DYM

Gene Facts

• HGNC Symbol: DYM (HGNC:21317)
• HGNC Name: dymeclin
• Gene type: protein-coding gene
• Locus type: gene with protein product
• Previous symbols: No previous names found
• Alias symbols: FLJ20071, DMC, SMC
• %HI: 20.38
• pLI: 0
• LOEUF: 1.08
• Cytoband: 18q21.1
• Genomic Coordinates:

  GRCh37/hg19:	chr18:46562757-46987015
  GRCh38/hg38:	chr18:49036387-49460645

• MANE Select Transcript: NM_001353214.3 ENST00000675505.1
• Function: Necessary for correct organization of Golgi apparatus. Involved in bone development. {ECO:0000269|PubMed:21280149}. (Source: Uniprot)

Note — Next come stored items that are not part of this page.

(* Let $a\in[0,\infty)$ and let $\theta:[0,1]\to[0,\infty]$ and $\vartheta:[0,\infty]\to[0,1]$ be continuous and decreasing functions such that $O_{\theta,\vartheta}(x,y)=\vartheta(\theta(x)+\theta(y))$ defines an overlap function $O_{\theta,\vartheta}:[0,1]^2\to[0,1]$, and suppose that at least one of the following holds: (1) $\theta(x)=\frac{a}{2}$ if and only if $x=1$; (2) $\vartheta(x)=1$ if and only if $x\in[0,a]$. Then there exist a pseudo automorphism $\mathcal{F}$ and a t-subnorm $T_{sub}$ such that $O_{\theta,\vartheta}(x,y)=\mathcal{F}(T_{sub}(x,y))$ for all $x,y\in[0,1]$.
   Context: "Decreasing" means non-increasing and "increasing" means non-decreasing. Arithmetic in $[0,\infty]$ uses $c+\infty=\infty$; continuity on $[0,\infty]$ refers to the usual topology of the extended half-line. An overlap function is a map $O:[0,1]^2\to[0,1]$ that is (O1) commutative, (O2) $O(x,y)=0$ iff $xy=0$, (O3) $O(x,y)=1$ iff $xy=1$, (O4) increasing in each variable, (O5) continuous. A pseudo automorphism is a continuous increasing map $\mathcal{F}:[0,1]\to[0,1]$ with $\mathcal{F}(x)=1$ iff $x=1$ and $\mathcal{F}(x)=0$ iff $x=0$. A t-subnorm is a commutative, associative map $T:[0,1]^2\to[0,1]$, increasing in each variable, with $T(x,y)\le\min\{x,y\}$ for all $x,y$. *)

theory Defs
  imports "HOL-Analysis.Analysis" "HOL-Library.Extended_Nonnegative_Real"
begin

text \<open>The extended half-line [0,\<infinity>] is modelled by the type ennreal
  (addition with c + \<infinity> = \<infinity>, order topology of the extended half-line).
  Maps on [0,1] are total functions real \<Rightarrow> real whose behaviour
  is only constrained on the unit interval.\<close>

definition overlap :: "(real \<Rightarrow> real \<Rightarrow> real) \<Rightarrow> bool" where
  "overlap Ov \<longleftrightarrow>
     (\<forall>x\<in>{0..1}. \<forall>y\<in>{0..1}. Ov x y \<in> {0..1}) \<and>
     (\<forall>x\<in>{0..1}. \<forall>y\<in>{0..1}. Ov x y = Ov y x) \<and>
     (\<forall>x\<in>{0..1}. \<forall>y\<in>{0..1}. Ov x y = 0 \<longleftrightarrow> x * y = 0) \<and>
     (\<forall>x\<in>{0..1}. \<forall>y\<in>{0..1}. Ov x y = 1 \<longleftrightarrow> x * y = 1) \<and>
     (\<forall>x\<in>{0..1}. \<forall>x'\<in>{0..1}. \<forall>y\<in>{0..1}. x \<le> x' \<longrightarrow> Ov x y \<le> Ov x' y) \<and>
     (\<forall>x\<in>{0..1}. \<forall>y\<in>{0..1}. \<forall>y'\<in>{0..1}. y \<le> y' \<longrightarrow> Ov x y \<le> Ov x y') \<and>
     continuous_on ({0..1} \<times> {0..1}) (\<lambda>(x, y). Ov x y)"

definition pseudo_automorphism :: "(real \<Rightarrow> real) \<Rightarrow> bool" where
  "pseudo_automorphism F \<longleftrightarrow>
     (\<forall>x\<in>{0..1}. F x \<in> {0..1}) \<and>
     continuous_on {0..1} F \<and>
     mono_on {0..1} F \<and>
     (\<forall>x\<in>{0..1}. F x = 1 \<longleftrightarrow> x = 1) \<and>
     (\<forall>x\<in>{0..1}. F x = 0 \<longleftrightarrow> x = 0)"

definition t_subnorm :: "(real \<Rightarrow> real \<Rightarrow> real) \<Rightarrow> bool" where
  "t_subnorm T \<longleftrightarrow>
     (\<forall>x\<in>{0..1}. \<forall>y\<in>{0..1}. T x y \<in> {0..1}) \<and>
     (\<forall>x\<in>{0..1}. \<forall>y\<in>{0..1}. T x y = T y x) \<and>
     (\<forall>x\<in>{0..1}. \<forall>y\<in>{0..1}. \<forall>z\<in>{0..1}. T (T x y) z = T x (T y z)) \<and>
     (\<forall>x\<in>{0..1}. \<forall>x'\<in>{0..1}. \<forall>y\<in>{0..1}. x \<le> x' \<longrightarrow> T x y \<le> T x' y) \<and>
     (\<forall>x\<in>{0..1}. \<forall>y\<in>{0..1}. \<forall>y'\<in>{0..1}. y \<le> y' \<longrightarrow> T x y \<le> T x y') \<and>
     (\<forall>x\<in>{0..1}. \<forall>y\<in>{0..1}. T x y \<le> min x y)"

end

theory Submission
  imports Defs
begin

text \<open>Set \<open>T(x,y) = min {z. \<theta> z + \<theta> 1 \<le> \<theta> x + \<theta> y}\<close> and \<open>F z = \<vartheta>(\<theta> z + \<theta> 1)\<close>, so that
  \<open>F (T x y) = \<vartheta>(\<theta> x + \<theta> y)\<close> as soon as the minimum solves \<open>\<theta> T(x,y) + \<theta> 1 = \<theta> x + \<theta> y\<close>.
  That equation, an intermediate value property, needs \<open>\<theta> 0 = \<infinity>\<close> and \<open>\<theta> 1 < \<infinity>\<close>, and both are
  forced by the overlap axioms: \<open>O(0,1) = 0 \<noteq> 1 = O(1,1)\<close> rules out \<open>\<theta> 1 = \<infinity>\<close>, and
  \<open>O(x,x) > 0 = O(0,1)\<close> for \<open>x > 0\<close> gives \<open>2\<theta>(0) \<le> \<theta> 0 + \<theta> 1\<close> in the limit.
  Given the equation, \<open>T\<close> inherits commutativity and associativity from addition
  (\<open>\<theta> 1\<close> being finite can be cancelled), monotonicity from \<open>\<theta>\<close>, and \<open>T x y \<le> x\<close> from
  \<open>\<theta> 1 \<le> \<theta> y\<close>.\<close>

lemma closed_sublevel_on:
  fixes f :: "'a::topological_space \<Rightarrow> 'b::linorder_topology"
  assumes "continuous_on S f" "closed S"
  shows "closed {z\<in>S. f z \<le> t}"
proof -
  have "closed (S \<inter> f -` {..t})"
    using assms by (intro continuous_closed_preimage) auto
  then show ?thesis by (simp add: Int_def)
qed

lemma closed_superlevel_on:
  fixes f :: "'a::topological_space \<Rightarrow> 'b::linorder_topology"
  assumes "continuous_on S f" "closed S"
  shows "closed {z\<in>S. t \<le> f z}"
proof -
  have "closed (S \<inter> f -` {t..})"
    using assms by (intro continuous_closed_preimage) auto
  then show ?thesis by (simp add: Int_def)
qed

definition generated_t_subnorm :: "(real \<Rightarrow> ennreal) \<Rightarrow> real \<Rightarrow> real \<Rightarrow> real" where
  "generated_t_subnorm th x y = Inf {z\<in>{0..1}. th z + th 1 \<le> th x + th y}"

locale t_subnorm_generator =
  fixes th :: "real \<Rightarrow> ennreal"
  assumes continuous: "continuous_on {0..1} th"
    and antimono: "antimono_on {0..1} th"
    and at_zero: "th 0 = \<infinity>"
    and at_one_finite: "th 1 \<noteq> \<infinity>"
begin

lemma at_one_le: "x \<in> {0..1} \<Longrightarrow> th 1 \<le> th x"
  using antimono by (auto simp: monotone_on_def)

lemma continuous_shifted: "continuous_on {0..1} (\<lambda>z. th z + th 1)"
  by (intro continuous_on_add continuous continuous_on_const)

lemma Inf_sublevel_solves:
  assumes "2 * th 1 \<le> t"
  defines "S \<equiv> {z\<in>{0..1}. th z + th 1 \<le> t}"
  shows "Inf S \<in> {0..1}" "th (Inf S) + th 1 = t"
proof -
  have bdd: "bdd_below S"
    unfolding S_def by (rule bdd_belowI[of _ 0]) auto
  have "1 \<in> S"
    using assms by (auto simp: mult_2)
  moreover have "closed S"
    unfolding S_def by (intro closed_sublevel_on continuous_shifted) auto
  ultimately have Inf_in: "Inf S \<in> S"
    using closed_contains_Inf bdd by blast
  then show Inf_unit: "Inf S \<in> {0..1}"
    unfolding S_def by auto
  have "t \<le> th (Inf S) + th 1"
  proof (cases "Inf S = 0")
    case True
    then show ?thesis by (simp add: at_zero)
  next
    case False
    then have "Inf S \<in> closure {0..<Inf S}"
      using Inf_unit by simp
    moreover have "{0..<Inf S} \<subseteq> {z\<in>{0..1}. t \<le> th z + th 1}"
      using Inf_unit cInf_lower[OF _ bdd] by (force simp: S_def)
    moreover have "closed {z\<in>{0..1}. t \<le> th z + th 1}"
      by (intro closed_superlevel_on continuous_shifted) auto
    ultimately show ?thesis
      using closure_minimal by blast
  qed
  with Inf_in show "th (Inf S) + th 1 = t"
    unfolding S_def by simp
qed

lemma generated_t_subnorm:
  assumes "x \<in> {0..1}" "y \<in> {0..1}"
  shows "generated_t_subnorm th x y \<in> {0..1}"
    and "th (generated_t_subnorm th x y) + th 1 = th x + th y"
proof -
  have "2 * th 1 \<le> th x + th y"
    using at_one_le assms by (simp add: mult_2 add_mono)
  from Inf_sublevel_solves[OF this]
  show "generated_t_subnorm th x y \<in> {0..1}"
    and "th (generated_t_subnorm th x y) + th 1 = th x + th y"
    unfolding generated_t_subnorm_def by auto
qed

lemma generated_t_subnorm_commute: "generated_t_subnorm th x y = generated_t_subnorm th y x"
  unfolding generated_t_subnorm_def by (simp add: add.commute)

lemma generated_t_subnorm_le_left:
  assumes "x \<in> {0..1}" "y \<in> {0..1}"
  shows "generated_t_subnorm th x y \<le> x"
  unfolding generated_t_subnorm_def using assms at_one_le[OF assms(2)]
  by (intro cInf_lower) (auto intro: add_left_mono bdd_belowI[of _ 0])

lemma generated_t_subnorm_mono_left:
  assumes "x \<in> {0..1}" "x' \<in> {0..1}" "y \<in> {0..1}" "x \<le> x'"
  shows "generated_t_subnorm th x y \<le> generated_t_subnorm th x' y"
proof -
  have "th x' \<le> th x"
    using antimono assms by (auto simp: monotone_on_def)
  then have "th x' + th y \<le> th x + th y"
    by (rule add_right_mono)
  then have "{z\<in>{0..1}. th z + th 1 \<le> th x' + th y} \<subseteq> {z\<in>{0..1}. th z + th 1 \<le> th x + th y}"
    using order_trans by blast
  moreover have "generated_t_subnorm th x' y \<in> {z\<in>{0..1}. th z + th 1 \<le> th x' + th y}"
    using generated_t_subnorm[OF assms(2,3)] by simp
  ultimately show ?thesis
    unfolding generated_t_subnorm_def
    by (intro cInf_superset_mono) (auto intro: bdd_belowI[of _ 0])
qed

lemma generated_t_subnorm_assoc:
  assumes "x \<in> {0..1}" "y \<in> {0..1}" "z \<in> {0..1}"
  shows "generated_t_subnorm th (generated_t_subnorm th x y) z
       = generated_t_subnorm th x (generated_t_subnorm th y z)"
proof -
  have "th (generated_t_subnorm th x y) + th z + th 1 = th x + th y + th z"
    using generated_t_subnorm(2)[OF assms(1,2)] by (metis add.commute add.left_commute)
  also have "\<dots> = th x + th (generated_t_subnorm th y z) + th 1"
    using generated_t_subnorm(2)[OF assms(2,3)] by (metis add.assoc)
  finally have "th (generated_t_subnorm th x y) + th z = th x + th (generated_t_subnorm th y z)"
    using at_one_finite by (metis ennreal_add_left_cancel add.commute)
  then show ?thesis
    unfolding generated_t_subnorm_def by simp
qed

lemma t_subnorm_generated_t_subnorm: "t_subnorm (generated_t_subnorm th)"
  unfolding t_subnorm_def
proof (intro conjI ballI impI)
  fix x y :: real
  assume xy: "x \<in> {0..1}" "y \<in> {0..1}"
  then show "generated_t_subnorm th x y \<in> {0..1}"
    by (rule generated_t_subnorm(1))
  show "generated_t_subnorm th x y = generated_t_subnorm th y x"
    by (rule generated_t_subnorm_commute)
  show "generated_t_subnorm th x y \<le> min x y"
    using generated_t_subnorm_le_left[OF xy] generated_t_subnorm_le_left[OF xy(2,1)]
      generated_t_subnorm_commute[of x y] by simp
next
  fix x y z :: real
  assume "x \<in> {0..1}" "y \<in> {0..1}" "z \<in> {0..1}"
  then show "generated_t_subnorm th (generated_t_subnorm th x y) z
           = generated_t_subnorm th x (generated_t_subnorm th y z)"
    by (rule generated_t_subnorm_assoc)
next
  fix x x' y :: real
  assume "x \<in> {0..1}" "x' \<in> {0..1}" "y \<in> {0..1}" "x \<le> x'"
  then show "generated_t_subnorm th x y \<le> generated_t_subnorm th x' y"
    by (rule generated_t_subnorm_mono_left)
next
  fix x y y' :: real
  assume "x \<in> {0..1}" "y \<in> {0..1}" "y' \<in> {0..1}" "y \<le> y'"
  then show "generated_t_subnorm th x y \<le> generated_t_subnorm th x y'"
    using generated_t_subnorm_mono_left generated_t_subnorm_commute by metis
qed

end

lemma overlap_theta_one_finite:
  fixes th :: "real \<Rightarrow> ennreal" and vth :: "ennreal \<Rightarrow> real"
  assumes "antimono_on {0..1} th" "overlap (\<lambda>x y. vth (th x + th y))"
  shows "th 1 \<noteq> \<infinity>"
proof
  assume "th 1 = \<infinity>"
  moreover have "th 1 \<le> th 0"
    using assms(1) by (auto simp: monotone_on_def)
  ultimately have "th 0 = th 1"
    by (simp add: top_unique)
  moreover have "vth (th 0 + th 1) = 0" "vth (th 1 + th 1) = 1"
    using assms(2) by (auto simp: overlap_def)
  ultimately show False by simp
qed

lemma overlap_theta_zero_infinite:
  fixes th :: "real \<Rightarrow> ennreal" and vth :: "ennreal \<Rightarrow> real"
  assumes theta_cont: "continuous_on {0..1} th"
    and theta_dec: "antimono_on {0..1} th"
    and vtheta_range: "\<forall>t. vth t \<in> {0..1}"
    and vtheta_dec: "antimono vth"
    and ovl: "overlap (\<lambda>x y. vth (th x + th y))"
  shows "th 0 = \<infinity>"
proof (rule ccontr)
  assume th0_finite: "th 0 \<noteq> \<infinity>"
  have O01: "vth (th 0 + th 1) = 0" and O11: "vth (th 1 + th 1) = 1"
    using ovl by (auto simp: overlap_def)
  have "{0<..1} \<subseteq> {z\<in>{0..1}. th z + th z \<le> th 0 + th 1}"
  proof (intro subsetI CollectI conjI)
    fix x :: real
    assume x: "x \<in> {0<..1}"
    then show "x \<in> {0..1}" by simp
    have "vth (th x + th x) \<noteq> 0"
      using ovl x by (auto simp: overlap_def)
    then have less: "vth (th 0 + th 1) < vth (th x + th x)"
      using O01 vtheta_range by (metis atLeastAtMost_iff order_le_less)
    show "th x + th x \<le> th 0 + th 1"
    proof (rule ccontr)
      assume "\<not> th x + th x \<le> th 0 + th 1"
      then have "vth (th x + th x) \<le> vth (th 0 + th 1)"
        using vtheta_dec by (simp add: antimonoD)
      with less show False by simp
    qed
  qed
  moreover have "closed {z\<in>{0..1}. th z + th z \<le> th 0 + th 1}"
    by (intro closed_sublevel_on continuous_on_add theta_cont) auto
  ultimately have "closure {0<..1} \<subseteq> {z\<in>{0..1}. th z + th z \<le> th 0 + th 1}"
    by (rule closure_minimal)
  moreover have "(0::real) \<in> closure {0<..1}"
    by simp
  ultimately have "th 0 + th 0 \<le> th 0 + th 1"
    by blast
  then have "th 0 \<le> th 1"
    using th0_finite by (simp add: ennreal_add_left_cancel_le)
  moreover have "th 1 \<le> th 0"
    using theta_dec by (auto simp: monotone_on_def)
  ultimately have "th 0 = th 1"
    by (rule order.antisym)
  then show False
    using O01 O11 by simp
qed

lemma overlap_pseudo_automorphism:
  fixes th :: "real \<Rightarrow> ennreal" and vth :: "ennreal \<Rightarrow> real"
  assumes theta_cont: "continuous_on {0..1} th"
    and vtheta_range: "\<forall>t. vth t \<in> {0..1}"
    and vtheta_cont: "continuous_on UNIV vth"
    and ovl: "overlap (\<lambda>x y. vth (th x + th y))"
  shows "pseudo_automorphism (\<lambda>z. vth (th z + th 1))"
  unfolding pseudo_automorphism_def
proof (intro conjI ballI)
  show "continuous_on {0..1} (\<lambda>z. vth (th z + th 1))"
    by (intro continuous_on_compose2[OF vtheta_cont] continuous_on_add theta_cont
        continuous_on_const) auto
  show "mono_on {0..1} (\<lambda>z. vth (th z + th 1))"
    using ovl by (auto simp: overlap_def monotone_on_def)
qed (use ovl vtheta_range in \<open>auto simp: overlap_def\<close>)

theorem proposition5p1:
  fixes a :: real and th :: "real \<Rightarrow> ennreal" and vth :: "ennreal \<Rightarrow> real"
  assumes a_nonneg: "0 \<le> a"
    and theta_cont: "continuous_on {0..1} th"
    and theta_dec: "antimono_on {0..1} th"
    and vtheta_range: "\<forall>t. vth t \<in> {0..1}"
    and vtheta_cont: "continuous_on UNIV vth"
    and vtheta_dec: "antimono vth"
    and ovl: "overlap (\<lambda>x y. vth (th x + th y))"
    and cond: "(\<forall>x\<in>{0..1}. th x = ennreal (a / 2) \<longleftrightarrow> x = 1)
             \<or> (\<forall>t. vth t = 1 \<longleftrightarrow> t \<in> {0..ennreal a})"
  shows "\<exists>F T. pseudo_automorphism F \<and> t_subnorm T \<and>
           (\<forall>x\<in>{0..1}. \<forall>y\<in>{0..1}. vth (th x + th y) = F (T x y))"
proof -
  interpret t_subnorm_generator th
  proof
    show "th 0 = \<infinity>"
      using overlap_theta_zero_infinite theta_cont theta_dec vtheta_range vtheta_dec ovl .
    show "th 1 \<noteq> \<infinity>"
      using overlap_theta_one_finite theta_dec ovl .
  qed (fact theta_cont theta_dec)+
  have "\<forall>x\<in>{0..1}. \<forall>y\<in>{0..1}.
          vth (th x + th y) = vth (th (generated_t_subnorm th x y) + th 1)"
    using generated_t_subnorm(2) by simp
  with overlap_pseudo_automorphism[OF theta_cont vtheta_range vtheta_cont ovl]
    t_subnorm_generated_t_subnorm
  show ?thesis
    by (intro exI[of _ "\<lambda>z. vth (th z + th 1)"] exI[of _ "generated_t_subnorm th"]) simp
qed

end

Dosage Sensitivity Summary (Gene)

• Dosage ID: ISCA-20623
• ClinGen Curation ID: CCID:007041
• Curation Status: Complete
• Issue Type: Dosage Curation - Gene
• Haploinsufficiency: Gene Associated with Autosomal Recessive Phenotype (30)
• Triplosensitivity: No Evidence for Triplosensitivity (0)
• Last Evaluated: 02/23/2012

Haploinsufficiency (HI) Score Details

• HI Score: 30
• HI Evidence Strength: Gene Associated with Autosomal Recessive Phenotype

HI Disease

• spondyloepiphyseal dysplasia

• HI Evidence Comments: Defects in DYM are the cause of Dyggve-Melchior-Clausen dysplasia (DMC) and Smith-McCort dysplasia (SMS), two similar rare autosomal recessive osteochondrodysplasias. Most mutations identified in DMC predict a loss of function, while those identified in SMC are mainly missense mutations, presumably associated with residual DYM activity and a less severe phenotype. Of note, Two small intragenic duplications in the DYM gene were detected in two seperate DMC kindreds. These were expected to result in a premature termination codon and the transcripts destroyed by nonsense mediated decay with subsequent failure to produce a protein product (PMID: 16326827).

Triplosensitivity (TS) Score Details

• TS Score: 0
• TS Evidence Strength: No Evidence for Triplosensitivity
• TS Evidence Comments: No Literature Identified.